Investment in Affiliate

On April 15, 2013, the Company executed a Subscription Agreement for the purchase of 4,800 Class A Units of Bad Daddy’s Franchise Development, LLC (BDFD), representing a 48% non-controlling voting membership interest in BDFD, for the aggregate subscription price of $750,000.  The subscription price was payable in two equal



9



installments. The first $375,000 installment was paid on the date of execution of the Subscription Agreement and the remaining $375,000 installment was paid in December 2013.
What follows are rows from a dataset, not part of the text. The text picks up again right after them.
(* Let $n \geq 3$ be an integer and let $\ell$ be an odd positive integer. Then the quotient group $B_n[\ell]/B_n[2\ell]$ is isomorphic to the symmetric group $S_n$. (Here $B_n[2\ell]$ is a normal subgroup of $B_n[\ell]$, being the kernel of the reduction-mod-$2\ell$ Burau map restricted to $B_n[\ell]$.)
   Context: $B_n$ denotes the braid group on $n$ strands with standard Artin generators $\sigma_1,\dots,\sigma_{n-1}$. The reduced integral Burau representation $\rho_{-1}: B_n \to GL(n-1,\mathbb{Z})$ is defined on generators by $\rho_{-1}(\sigma_1)=\begin{pmatrix}1&0\\1&1\end{pmatrix}\oplus \mathrm{Id}_{n-3}$, $\rho_{-1}(\sigma_{n-1})=\mathrm{Id}_{n-3}\oplus\begin{pmatrix}1&-1\\0&1\end{pmatrix}$, and for $1<i<n-1$, $\rho_{-1}(\sigma_i)=\mathrm{Id}_{i-2}\oplus\begin{pmatrix}1&-1&0\\0&1&0\\0&1&1\end{pmatrix}\oplus \mathrm{Id}_{n-i-2}$, where $\oplus$ denotes block-diagonal sum. For a positive integer $\ell$, let $r_\ell: GL(n-1,\mathbb{Z})\to GL(n-1,\mathbb{Z}/\ell\mathbb{Z})$ be entrywise reduction mod $\ell$. The level $\ell$ congruence subgroup of the braid group is $B_n[\ell] := \ker(r_\ell\circ\rho_{-1})$. *)

theory Defs
  imports "HOL-Algebra.Sym_Groups" "HOL-Algebra.Coset"
begin

text \<open>A braid letter (i, True) stands for sigma_i, (i, False) for sigma_i inverse.
  A word is valid in B_n if all its indices lie in 1..n-1.\<close>

type_synonym braid_word = "(nat \<times> bool) list"

definition valid_word :: "nat \<Rightarrow> braid_word \<Rightarrow> bool" where
  "valid_word n w \<longleftrightarrow> (\<forall>(i, b) \<in> set w. 1 \<le> i \<and> i \<le> n - 1)"

text \<open>Defining relator pairs (l, r), meaning l = r in B_n: free cancellation,
  far commutativity, and the braid relation.\<close>

definition braid_relators :: "nat \<Rightarrow> (braid_word \<times> braid_word) set" where
  "braid_relators n =
     {([(i, b), (i, \<not> b)], []) | i b. 1 \<le> i \<and> i \<le> n - 1}
   \<union> {([(i, True), (j, True)], [(j, True), (i, True)]) | i j.
        1 \<le> i \<and> i \<le> n - 1 \<and> 1 \<le> j \<and> j \<le> n - 1 \<and> (i + 2 \<le> j \<or> j + 2 \<le> i)}
   \<union> {([(i, True), (Suc i, True), (i, True)], [(Suc i, True), (i, True), (Suc i, True)]) | i.
        1 \<le> i \<and> Suc i \<le> n - 1}"

inductive braid_eq :: "nat \<Rightarrow> braid_word \<Rightarrow> braid_word \<Rightarrow> bool" for n where
  refl: "valid_word n w \<Longrightarrow> braid_eq n w w"
| sym: "braid_eq n u v \<Longrightarrow> braid_eq n v u"
| trans: "braid_eq n u v \<Longrightarrow> braid_eq n v w \<Longrightarrow> braid_eq n u w"
| rel: "valid_word n u \<Longrightarrow> valid_word n v \<Longrightarrow> (l, r) \<in> braid_relators n
        \<Longrightarrow> braid_eq n (u @ l @ v) (u @ r @ v)"

definition braid_class :: "nat \<Rightarrow> braid_word \<Rightarrow> braid_word set" where
  "braid_class n w = {v. braid_eq n w v}"

definition braid_group :: "nat \<Rightarrow> braid_word set monoid" where
  "braid_group n =
     \<lparr> carrier = {braid_class n w | w. valid_word n w},
       mult = (\<lambda>A B. braid_class n ((SOME u. u \<in> A) @ (SOME v. v \<in> B))),
       one = braid_class n [] \<rparr>"

text \<open>Integer matrices of size (n-1) x (n-1) are represented as functions
  nat => nat => int, with rows/columns indexed 0..n-2 (only those entries matter).\<close>

definition mat_mult :: "nat \<Rightarrow> (nat \<Rightarrow> nat \<Rightarrow> int) \<Rightarrow> (nat \<Rightarrow> nat \<Rightarrow> int) \<Rightarrow> (nat \<Rightarrow> nat \<Rightarrow> int)" where
  "mat_mult k A B = (\<lambda>r c. \<Sum>j<k. A r j * B j c)"

definition mat_id :: "nat \<Rightarrow> nat \<Rightarrow> int" where
  "mat_id = (\<lambda>r c. if r = c then 1 else 0)"

text \<open>rho(sigma_i) as in the paper (0-based indices): the block
  [[1,0],[1,1]] at rows/cols 0,1 for i = 1; the block [[1,-1],[0,1]] at rows/cols n-3,n-2
  for i = n-1; the block [[1,-1,0],[0,1,0],[0,1,1]] at rows/cols i-2,i-1,i otherwise.
  Since the nilpotent part squares to zero, rho(sigma_i^-1) = Id - (that part).\<close>

definition burau_gen :: "nat \<Rightarrow> nat \<Rightarrow> bool \<Rightarrow> (nat \<Rightarrow> nat \<Rightarrow> int)" where
  "burau_gen n i b = (\<lambda>r c. mat_id r c +
      (if b then 1 else -1) *
        ((if r = i \<and> c = i - 1 \<and> i \<le> n - 2 then 1 else 0)
         - (if 2 \<le> i \<and> r = i - 2 \<and> c = i - 1 then 1 else 0)))"

definition burau :: "nat \<Rightarrow> braid_word \<Rightarrow> (nat \<Rightarrow> nat \<Rightarrow> int)" where
  "burau n w = foldr (\<lambda>(i, b) M. mat_mult (n - 1) (burau_gen n i b) M) w mat_id"

definition congruence_subgroup :: "nat \<Rightarrow> nat \<Rightarrow> braid_word set set" where
  "congruence_subgroup n l =
     {A \<in> carrier (braid_group n). \<forall>w \<in> A. \<forall>r < n - 1. \<forall>c < n - 1.
        burau n w r c mod int l = mat_id r c mod int l}"

end

theory Submission
  imports Defs "HOL-Number_Theory.Cong"
begin

text \<open>
  Modulo 2 the Burau matrix of a braid only depends on its permutation, and for \<open>n \<ge> 3\<close> it
  determines that permutation; so \<open>B\<^sub>n[2]\<close> is the kernel of the permutation map
  \<open>B\<^sub>n \<rightarrow> S\<^sub>n\<close>. As \<open>l\<close> is odd, \<open>B\<^sub>n[2l] = B\<^sub>n[l] \<inter> B\<^sub>n[2]\<close> by the Chinese remainder theorem,
  which is the kernel of the permutation map restricted to \<open>B\<^sub>n[l]\<close>. This restriction is onto:
  \<open>\<rho>(\<sigma>\<^sub>i)\<close> is the identity plus a square-zero matrix, so \<open>\<sigma>\<^sub>i\<^sup>l \<in> B\<^sub>n[l]\<close>, and it maps to the odd
  power \<open>(i i+1)\<^sup>l = (i i+1)\<close>; adjacent transpositions generate \<open>S\<^sub>n\<close>. The first isomorphism
  theorem concludes.
\<close>

lemma valid_word_Nil [simp]: "valid_word n []"
  by (simp add: valid_word_def)

lemma valid_word_Cons [simp]:
  "valid_word n (x # w) \<longleftrightarrow> 1 \<le> fst x \<and> fst x \<le> n - 1 \<and> valid_word n w"
  by (cases x) (auto simp: valid_word_def)

lemma valid_word_append [simp]: "valid_word n (u @ v) \<longleftrightarrow> valid_word n u \<and> valid_word n v"
  by (auto simp: valid_word_def)

lemma braid_relators_valid: "(l, r) \<in> braid_relators n \<Longrightarrow> valid_word n l \<and> valid_word n r"
  by (auto simp: braid_relators_def)

lemma braid_eq_valid: "braid_eq n u v \<Longrightarrow> valid_word n u \<and> valid_word n v"
  by (induction rule: braid_eq.induct) (auto dest: braid_relators_valid)

lemma braid_eq_append_right: "braid_eq n u u' \<Longrightarrow> valid_word n v \<Longrightarrow> braid_eq n (u @ v) (u' @ v)"
proof (induction rule: braid_eq.induct)
  case (rel u w l r)
  then show ?case using braid_eq.rel[of n u "w @ v" l r] by simp
qed (auto intro: braid_eq.intros)

lemma braid_eq_append_left: "braid_eq n u u' \<Longrightarrow> valid_word n v \<Longrightarrow> braid_eq n (v @ u) (v @ u')"
proof (induction rule: braid_eq.induct)
  case (rel u w l r)
  then show ?case using braid_eq.rel[of n "v @ u" w l r] by simp
qed (auto intro: braid_eq.intros)

lemma braid_eq_append: "braid_eq n u u' \<Longrightarrow> braid_eq n v v' \<Longrightarrow> braid_eq n (u @ v) (u' @ v')"
  by (meson braid_eq.trans braid_eq_append_left braid_eq_append_right braid_eq_valid)

lemma mem_braid_class: "w \<in> braid_class n u \<longleftrightarrow> braid_eq n u w"
  by (simp add: braid_class_def)

lemma braid_class_eq_iff: "valid_word n u \<Longrightarrow> braid_class n u = braid_class n v \<longleftrightarrow> braid_eq n u v"
  unfolding braid_class_def by (auto intro: braid_eq.intros)

lemma braid_eq_some_mem_braid_class: "valid_word n w \<Longrightarrow> braid_eq n w (SOME u. u \<in> braid_class n w)"
  by (metis braid_eq.refl mem_braid_class someI)
(* For $n,m\ge 0$ let $f(n,m)$ be the number of linked cycles $\hat\pi$ on $[n]$ with exactly $m$ singly covered minimal elements. Then $f(1,1)=1$, $f(n,0)=0$ for $n\ge1$, $f(n,m)=0$ if $n<m$, and for all $n\ge2$, $m\ge1$, $$f(n,m)=(2(n-1)-m)f(n-1,m)+f(n-1,m-1).$$
   Context: Two finite sets of integers $E,F$ are nearly disjoint if for every $i\in E\cap F$ either ($i=\min(E)$, $|E|>1$, $i\ne\min(F)$) or ($i=\min(F)$, $|F|>1$, $i\ne\min(E)$). A linked partition of $[n]$ is a set of nonempty subsets (blocks) of $[n]$ with union $[n]$, any two distinct blocks nearly disjoint; each element lies in one or two blocks (singly/doubly covered). A singly covered minimal element is a singly covered element that is the minimum of its block. A linked cycle on $[n]$ is a linked partition of $[n]$ together with a cyclic arrangement of the elements of each block (two linked cycles differ if the partitions or some cyclic arrangement differ). *)

theory Defs
  imports Main
begin

definition nearly_disjoint :: "'a::linorder set \<Rightarrow> 'a set \<Rightarrow> bool" where
  "nearly_disjoint E F \<longleftrightarrow>
     (\<forall>i\<in>E \<inter> F. (i = Min E \<and> card E > 1 \<and> i \<noteq> Min F)
                 \<or> (i = Min F \<and> card F > 1 \<and> i \<noteq> Min E))"

definition linked_partition :: "nat \<Rightarrow> nat set set \<Rightarrow> bool" where
  "linked_partition n P \<longleftrightarrow>
     (\<forall>B\<in>P. B \<noteq> {} \<and> B \<subseteq> {1..n}) \<and> \<Union>P = {1..n} \<and>
     (\<forall>E\<in>P. \<forall>F\<in>P. E \<noteq> F \<longrightarrow> nearly_disjoint E F)"

definition cyclic_arrangement :: "'a set \<Rightarrow> 'a list set \<Rightarrow> bool" where
  "cyclic_arrangement B C \<longleftrightarrow>
     (\<exists>xs. distinct xs \<and> set xs = B \<and> C = {rotate k xs | k. True})"

definition linked_cycle :: "nat \<Rightarrow> nat set set \<Rightarrow> (nat set \<Rightarrow> nat list set) \<Rightarrow> bool" where
  "linked_cycle n P A \<longleftrightarrow> linked_partition n P \<and>
     (\<forall>B\<in>P. cyclic_arrangement B (A B)) \<and> (\<forall>B. B \<notin> P \<longrightarrow> A B = {})"

definition singly_covered_minimal :: "nat \<Rightarrow> nat set set \<Rightarrow> nat set" where
  "singly_covered_minimal n P =
     {i \<in> {1..n}. card {B \<in> P. i \<in> B} = 1 \<and> (\<forall>B\<in>P. i \<in> B \<longrightarrow> i = Min B)}"

definition f_lc :: "nat \<Rightarrow> nat \<Rightarrow> nat" where
  "f_lc n m = card {(P, A). linked_cycle n P A \<and> card (singly_covered_minimal n P) = m}"

end

theory Submission
  imports Defs "HOL-Combinatorics.Multiset_Permutations" "HOL-Library.FuncSet"
begin

text \<open>A block \<open>B\<close> carries \<open>(|B| - 1)!\<close> cyclic arrangements, so \<open>f(n, m)\<close> is the sum of
  \<open>\<Prod>B\<in>P. (|B| - 1)!\<close> over the linked partitions \<open>P\<close> of \<open>[n]\<close> with \<open>m\<close> singly covered
  minimal elements. Each linked partition of \<open>[k + 1]\<close> arises in exactly one way from a
  linked partition \<open>Q\<close> of \<open>[k]\<close>: either \<open>k + 1\<close> forms a new singleton block, or it is added
  to a block \<open>B\<close> of \<open>Q\<close>, or it forms a new block \<open>{b, k + 1}\<close> with an element \<open>b\<close> that is
  singly covered but not the minimum of its block. The first move creates one new singly
  covered minimal element and keeps the weight, the second multiplies the weight by \<open>|B|\<close>,
  the third changes neither. As every element of \<open>[k]\<close> lies in one or two blocks, the
  moves of the last two kinds are \<open>\<Sum>B\<in>Q. |B|\<close> plus the number of singly covered
  non-minimal elements, that is \<open>2k\<close> minus the number of singly covered minimal ones.\<close>

section \<open>Cyclic arrangements\<close>

definition rotations :: "'a list \<Rightarrow> 'a list set" where
  "rotations xs = range (\<lambda>k. rotate k xs)"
The Company accounts for this investment using the equity method. For the three months ending December 31, 2013 the Company recorded a net loss of $72,000 for its share of the joint venture’s operating results.  The carrying value at December 31, 2013 was $576,000, which is represented as Investment in Affiliate in the accompanying condensed consolidated balance sheets.

Note 12.

Subsequent Events

Subsequent to December 31, 2013 and through February 10, 2014 we have received proceeds of $448,250 from the exercise of 4,000 and 349,800 A and B Warrants, respectively.

Note 13.

Recent Accounting Pronouncements

There are no new accounting pronouncements that affect the Company.

Note 14.

Stock Transactions

None.

ITEM 2.

MANAGEMENT'S DISCUSSION AND ANALYSIS OF FINANCIAL CONDITION AND RESULTS OF OPERATIONS

General

This Form 10-Q contains or incorporates by reference forward-looking statements within the meaning of Section 27A of the Securities Act of 1933, as amended and the disclosure of risk factors in the Company’s form 10-K for the fiscal year ended September 30, 2013.  Also, documents subsequently filed by us with the SEC and incorporated herein by reference may contain forward-looking statements.  We caution investors that any forward-looking statements made by us are not guarantees of future performance and actual results could differ materially from those in the forward-looking statements as a result of various factors, including but not limited to the following:

(I)

We compete with numerous well established competitors who have substantially greater financial resources and longer operating histories than we do.  Competitors have increasingly offered selected food items and combination meals, including hamburgers, at discounted prices, and continued discounting by competitors may adversely affect revenues and profitability of Company restaurants.

(II)

We may be negatively impacted if we experience consistent same store sales declines.  Same store sales comparisons will be dependent, among other things, on the success of our advertising and promotion of new and existing menu items.  No assurances can be given that such advertising and promotions will in fact be successful.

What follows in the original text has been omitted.